Mas não está toda no ineditismo a urgência que esses espetáculos carregam. Mas também e principalmente na referência e reverência que muitos fazem à estética e às temáticas fincadas no árido solo fértil do Nordeste. Alguns textos, como o da montagem Ariano %u2013 O Cavaleiro Sertanejo, da companhia carioca Os Ciclomáticos sequer foram produzidos no Nordeste. Mas sabem, bebem e comungam do povo que somos. Foram buscar inspiração em autores ensolarados como Ariano Suassuna e os tantos tipos e símbolos que ele fundou e transportou do imaginário nordestino para o mundo.
Há na programação citações ainda mais explícitas à nossa produção teatral. Parido do punho do próprio Ariano, em carne e pena, o clássico Auto da Compadecida chega ao Festival com sotaque mineiro, numa belíssima montagem do Grupo Maria Cutia, com a direção cênica precisa e sensível de Gabriel Villela, que conseguiu unir a cultura do cangaço pernambucano ao barroco mineiro, sem sair da trilha aberta pelo Movimento Armorial de Ariano.

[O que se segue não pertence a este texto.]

lemma jacobson_residue_surj: "jacobson_residue ` carrier R = carrier (ZFact k)"
proof (intro equalityI subsetI)
  fix Y assume "Y \<in> carrier (ZFact k)"
  then obtain n where "Y = ZMod k n" using ZFact_carrier_ZMod by blast
  moreover have "jacobson_residue (int_embed n) = ZMod k n"
    by (simp add: jacobson_residue_eq jacobson_cong_refl)
  ultimately show "Y \<in> jacobson_residue ` carrier R" using int_embed_closed by blast
qed (use ring_hom_closed[OF jacobson_residue_ring_hom] in blast)

lemma jacobson_residue_kernel: "a_kernel R (ZFact k) jacobson_residue = jacobson R"
proof -
  have "jacobson_residue x = \<zero>\<^bsub>ZFact k\<^esub> \<longleftrightarrow> x \<in> jacobson R" if x: "x \<in> carrier R" for x
  proof -
    obtain n where n: "x \<ominus> int_embed n \<in> jacobson R" using int_cong[OF x] by blast
    have "jacobson_residue x = \<zero>\<^bsub>ZFact k\<^esub> \<longleftrightarrow> ZMod k n = ZMod k 0"
      using jacobson_residue_eq[OF x n] by (simp add: ZMod_zero)
    also have "\<dots> \<longleftrightarrow> k dvd n" by (simp add: ZMod_eq_mod dvd_eq_mod_eq_0)
    also have "\<dots> \<longleftrightarrow> x \<in> jacobson R"
      using int_embed_in_jacobson_iff[OF k_pos k_in_jacobson below_k_notin_jacobson]
        jacobson_cong_mem_iff[OF x n] by simp
    finally show ?thesis .
  qed
  then show ?thesis unfolding a_kernel_def' using jacobson_closed by blast
qed

lemma quotient_jacobson_iso_ZFact: "R Quot jacobson R \<simeq> ZFact k"
  using ring_hom_ring.FactRing_iso[OF _ jacobson_residue_surj] jacobson_residue_kernel
    ring_hom_ringI2[OF ring_axioms cring.axioms(1)[OF ZFact_is_cring] jacobson_residue_ring_hom]
  by simp

end

lemma quotient_iso_abelian_group_hom:
  assumes I: "additive_subgroup I R" and \<phi>: "\<phi> \<in> ring_iso (R Quot I) S" and S: "abelian_group S"
  shows "abelian_group_hom R S (\<lambda>x. \<phi> (I +> x))"
proof (rule abelian_group_homI[OF is_abelian_group S])
  interpret I: abelian_subgroup I R using abelian_subgroupI3[OF I is_abelian_group] .
  have coset: "I +> x \<in> carrier (R Quot I)" if "x \<in> carrier R" for x
    using that unfolding FactRing_def A_RCOSETS_defs a_r_coset_def by auto
  have "(\<lambda>x. \<phi> (I +> x)) \<in> hom (add_monoid R) (add_monoid S)"
  proof (rule homI)
    fix x y assume "x \<in> carrier (add_monoid R)" "y \<in> carrier (add_monoid R)"
    then have x: "x \<in> carrier R" and y: "y \<in> carrier R" by simp_all
    show "\<phi> (I +> x) \<in> carrier (add_monoid S)" using ring_iso_memE(1)[OF \<phi> coset[OF x]] by simp
    have "(I +> x) \<oplus>\<^bsub>R Quot I\<^esub> (I +> y) = I +> (x \<oplus> y)"
      unfolding FactRing_def using I.a_rcos_sum[OF x y] by simp
    then show "\<phi> (I +> x \<otimes>\<^bsub>add_monoid R\<^esub> y) = \<phi> (I +> x) \<otimes>\<^bsub>add_monoid S\<^esub> \<phi> (I +> y)"
      using ring_iso_memE(3)[OF \<phi> coset[OF x] coset[OF y]] by simp
  qed
  then show "group_hom (add_monoid R) (add_monoid S) (\<lambda>x. \<phi> (I +> x))"
    by (intro group_hom.intro group_hom_axioms.intro add.is_group abelian_group.a_group[OF S])
qed
lemma ad_commutator_eigen:
  assumes "W \<in> carrier_mat n n" and "X \<in> carrier_mat n n" and "Y \<in> carrier_mat n n"
    and "ad W X = a \<cdot>\<^sub>m X" and "ad W Y = b \<cdot>\<^sub>m Y"
  shows "ad W (ad X Y) = (a + b) \<cdot>\<^sub>m ad X Y"
proof -
  have "ad W (ad X Y) = ad W (X * Y) - ad W (Y * X)"
    using assms(1-3) unfolding ad_def
    by (simp add: mult_minus_distrib_mat[of _ n n _ n] minus_mult_distrib_mat[of _ n n],
        intro eq_matI, auto)
  also have "\<dots> = (a + b) \<cdot>\<^sub>m (X * Y) - (a + b) \<cdot>\<^sub>m (Y * X)"
    using ad_mult_eigen[OF assms(1-5)] ad_mult_eigen[OF assms(1,3,2,5,4)] by (simp add: add.commute)
  also have "\<dots> = (a + b) \<cdot>\<^sub>m ad X Y"
    using assms(2,3) unfolding ad_def by (intro eq_matI) (auto simp: algebra_simps)
  finally show ?thesis .
qed

definition mat_sum_norm :: "'a :: real_normed_field mat \<Rightarrow> real" where
  "mat_sum_norm A = (\<Sum>i<dim_row A. \<Sum>j<dim_col A. norm (A $$ (i, j)))"

lemma row_norm_le_mat_sum_norm:
  assumes "A \<in> carrier_mat n m" and "i < n"
  shows "(\<Sum>j<m. norm (A $$ (i, j))) \<le> mat_sum_norm A"
proof -
  have "(\<Sum>j<m. norm (A $$ (i, j))) \<le> (\<Sum>i'<n. \<Sum>j<m. norm (A $$ (i', j)))"
    using \<open>i < n\<close>
    by (intro member_le_sum[where f = "\<lambda>i. \<Sum>j<m. norm (A $$ (i, j))"]) (auto intro: sum_nonneg)
  then show ?thesis using assms(1) by (simp add: mat_sum_norm_def)
qed

lemma mat_sum_norm_pos:
  assumes "A \<in> carrier_mat n m" and "A \<noteq> 0\<^sub>m n m"
  shows "mat_sum_norm A > 0"
proof -
  obtain i j where "i < n" "j < m" "A $$ (i, j) \<noteq> 0"
    using assms by (metis carrier_matD eq_matI index_zero_mat)
  have "0 < norm (A $$ (i, j))" using \<open>A $$ (i, j) \<noteq> 0\<close> by simp
  also have "\<dots> \<le> (\<Sum>j<m. norm (A $$ (i, j)))"
    using \<open>j < m\<close> by (intro member_le_sum) auto
  also have "\<dots> \<le> mat_sum_norm A"
    using assms(1) \<open>i < n\<close> by (rule row_norm_le_mat_sum_norm)
  finally show ?thesis .
qed

lemma mat_sum_norm_smult: "mat_sum_norm (c \<cdot>\<^sub>m A) = norm c * mat_sum_norm A"
  by (simp add: mat_sum_norm_def norm_mult sum_distrib_left)

lemma mat_sum_norm_minus_le:
  assumes "A \<in> carrier_mat n m" and "B \<in> carrier_mat n m"
  shows "mat_sum_norm (A - B) \<le> mat_sum_norm A + mat_sum_norm B"
proof -
  have "mat_sum_norm (A - B) = (\<Sum>i<n. \<Sum>j<m. norm (A $$ (i, j) - B $$ (i, j)))"
    using assms by (simp add: mat_sum_norm_def)
  also have "\<dots> \<le> (\<Sum>i<n. \<Sum>j<m. norm (A $$ (i, j)) + norm (B $$ (i, j)))"
    by (intro sum_mono norm_triangle_ineq4)
  also have "\<dots> = mat_sum_norm A + mat_sum_norm B"
    using assms by (simp add: mat_sum_norm_def sum.distrib)
  finally show ?thesis .
qed

lemma mat_sum_norm_mult_le:
  assumes A: "A \<in> carrier_mat n m" and B: "B \<in> carrier_mat m k"
  shows "mat_sum_norm (A * B) \<le> mat_sum_norm A * mat_sum_norm B"
proof -
  have "mat_sum_norm (A * B) = (\<Sum>i<n. \<Sum>l<k. norm (\<Sum>j<m. A $$ (i, j) * B $$ (j, l)))"
    unfolding mat_sum_norm_def using A B
    by (auto simp: scalar_prod_def atLeast0LessThan intro!: sum.cong)
  also have "\<dots> \<le> (\<Sum>i<n. \<Sum>l<k. \<Sum>j<m. norm (A $$ (i, j)) * norm (B $$ (j, l)))"
    by (intro sum_mono order_trans[OF norm_sum]) (simp add: norm_mult)
  also have "\<dots> = (\<Sum>i<n. \<Sum>j<m. norm (A $$ (i, j)) * (\<Sum>l<k. norm (B $$ (j, l))))"
    by (simp add: sum_distrib_left) (intro sum.cong[OF refl] sum.swap)
  also have "\<dots> \<le> (\<Sum>i<n. \<Sum>j<m. norm (A $$ (i, j)) * mat_sum_norm B)"
    by (intro sum_mono mult_left_mono row_norm_le_mat_sum_norm[OF B]) auto
  also have "\<dots> = mat_sum_norm A * mat_sum_norm B"
    unfolding mat_sum_norm_def using A by (simp add: sum_distrib_right)
  finally show ?thesis .
qed

lemma ad_eigenvalue_norm_le:
  assumes W: "W \<in> carrier_mat n n" and X: "X \<in> carrier_mat n n"
    and eigen: "ad W X = d \<cdot>\<^sub>m X" and "X \<noteq> 0\<^sub>m n n"
  shows "norm d \<le> 2 * mat_sum_norm W"
proof -
  have "norm d * mat_sum_norm X = mat_sum_norm (W * X - X * W)"
    using eigen by (simp add: ad_def mat_sum_norm_smult)
  also have "\<dots> \<le> mat_sum_norm W * mat_sum_norm X + mat_sum_norm X * mat_sum_norm W"
    using W X
    by (intro order_trans[OF mat_sum_norm_minus_le[of _ n n]] add_mono mat_sum_norm_mult_le) auto
  finally have "norm d * mat_sum_norm X \<le> (2 * mat_sum_norm W) * mat_sum_norm X"
    by (simp add: algebra_simps)
  then show ?thesis
    using mat_sum_norm_pos[OF X \<open>X \<noteq> 0\<^sub>m n n\<close>] by simp
qed
(* Let $k\in\mathbb{Z}^+$ with $k>1$ and $\pi\in S_k$ be fixed, and let $A_\pi$ be the $k\times k$ permutation matrix of $\pi$. There is a constant $C=C(\pi)$ such that for all integers $m,n\ge 0$, the number of $n\times n$ $0$-$1$ matrices containing at most $m$ copies of $A_\pi$ is at most \[\exp\left(C\left(n+\sqrt[2k-1]{m\,n^{2k-2}}\right)\right).\]
   Context: A copy of $A_\pi$ in an $n\times n$ $0$-$1$ matrix $M$ is a choice of row indices $x_1<\dots<x_k$ and column indices $y_1<\dots<y_k$ with $M_{x_i,y_{\pi(i)}}=1$ for all $i$. *)

theory Defs
  imports "HOL-Combinatorics.Permutations" Complex_Main
begin

text \<open>An n x n 0-1 matrix is represented as a predicate M :: nat => nat => bool with
  rows and columns indexed by 0..n-1; entries outside this range are False, so that
  each matrix has a unique representative.\<close>

definition zero_one_matrices :: "nat \<Rightarrow> (nat \<Rightarrow> nat \<Rightarrow> bool) set" where
  "zero_one_matrices n = {M. \<forall>i j. M i j \<longrightarrow> i < n \<and> j < n}"

definition copies :: "nat \<Rightarrow> (nat \<Rightarrow> nat) \<Rightarrow> nat \<Rightarrow> (nat \<Rightarrow> nat \<Rightarrow> bool) \<Rightarrow> ((nat list) \<times> (nat list)) set" where
  "copies k \<pi> n M = {(xs, ys). length xs = k \<and> length ys = k
      \<and> sorted_wrt (<) xs \<and> sorted_wrt (<) ys
      \<and> set xs \<subseteq> {..<n} \<and> set ys \<subseteq> {..<n}
      \<and> (\<forall>i<k. M (xs ! i) (ys ! (\<pi> i)))}"

definition num_copies :: "nat \<Rightarrow> (nat \<Rightarrow> nat) \<Rightarrow> nat \<Rightarrow> (nat \<Rightarrow> nat \<Rightarrow> bool) \<Rightarrow> nat" where
  "num_copies k \<pi> n M = card (copies k \<pi> n M)"

end

theory Submission
  imports Defs
begin

(*
  Marcus-Tardos: a pattern-free point set in an n x n grid has O(n) points. Cut the grid into
  k^2 x k^2 blocks. If k blocks of one block column each meet the same k columns, they contain a
  copy, so few blocks meet k or more columns (or, symmetrically, rows); every other block holds at
  most (k-1)^2 points, and the nonempty blocks form a pattern-free set on the contracted grid.
  Deleting one point per copy turns this into |S| <= c (|R| + |C|) + #copies(S) for S in R x C.

  Averaging the latter over all pairs of r-subsets of rows and columns gives
  a (r/n)^2 <= 2 c r + X (r/n)^(2k) for a set of a points with X copies; with r ~ n^2/a this
  yields a^(2k-1) = O(X n^(2k-2)) when a >> n. Hence a set with at most m copies has
  O(f(n)) points, where f(n) = n + (m n^(2k-2))^(1/(2k-1)).

  Contracting 2 x 2 blocks maps the sets on [2n]^2 with at most m copies to those on [n]^2, and
  the fibre over S' consists of subsets of 4|S'| = O(f(n)) points. Since f(2n) >= 3/2 f(n), the
  resulting recursion N(2n) <= N(n) exp(O(f(n))) solves to N(n) <= exp(O(f(n))).
*)

section \<open>Copies of a pattern in a point set\<close>

(* Unlike copies in Defs, the point set is not confined to a grid, so that restricting to
   R x C and contracting blocks stay within the notion. *)
definition pattern_copies :: "nat \<Rightarrow> (nat \<Rightarrow> nat) \<Rightarrow> (nat \<times> nat) set \<Rightarrow> (nat list \<times> nat list) set" where
  "pattern_copies k \<pi> S = {(xs, ys). length xs = k \<and> length ys = k
      \<and> sorted_wrt (<) xs \<and> sorted_wrt (<) ys \<and> (\<forall>i<k. (xs ! i, ys ! \<pi> i) \<in> S)}"

lemma pattern_copyI:
  assumes "strict_mono_on {..<k} f" "strict_mono_on {..<k} g"
    and "\<forall>i<k. \<pi> i < k" "\<forall>i<k. (f i, g (\<pi> i)) \<in> S"
  shows "(map f [0..<k], map g [0..<k]) \<in> pattern_copies k \<pi> S"
  using assms unfolding pattern_copies_def strict_mono_on_def
  by (auto simp: sorted_wrt_iff_nth_less)

lemma pattern_copyD:
  assumes "(xs, ys) \<in> pattern_copies k \<pi> S"
  shows "length xs = k" "length ys = k"
    "strict_mono_on {..<k} ((!) xs)" "strict_mono_on {..<k} ((!) ys)"
    "\<forall>i<k. (xs ! i, ys ! \<pi> i) \<in> S"
  using assms unfolding pattern_copies_def strict_mono_on_def
  by (auto simp: sorted_wrt_iff_nth_less)

lemma card_set_pattern_copy:
  assumes "(xs, ys) \<in> pattern_copies k \<pi> S"
  shows "card (set xs) = k" "card (set ys) = k"
  using assms unfolding pattern_copies_def by (auto simp: strict_sorted_iff distinct_card)

lemma pattern_copies_mono: "S \<subseteq> T \<Longrightarrow> pattern_copies k \<pi> S \<subseteq> pattern_copies k \<pi> T"
  unfolding pattern_copies_def by auto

São montagens que nos representam e, ao mesmo tempo, nos apresentam a nós mesmos, além de nos hastear bandeira a congregar territórios artísticos, afetivos e cívicos, num país assombrado e repartido por um projeto de poder excludente. Em cima e embaixo dos palcos, durante e depois do 21º Festival Recife do Teatro Nacional, que a arte e a força nordestina persistam farol aceso a nos guiar.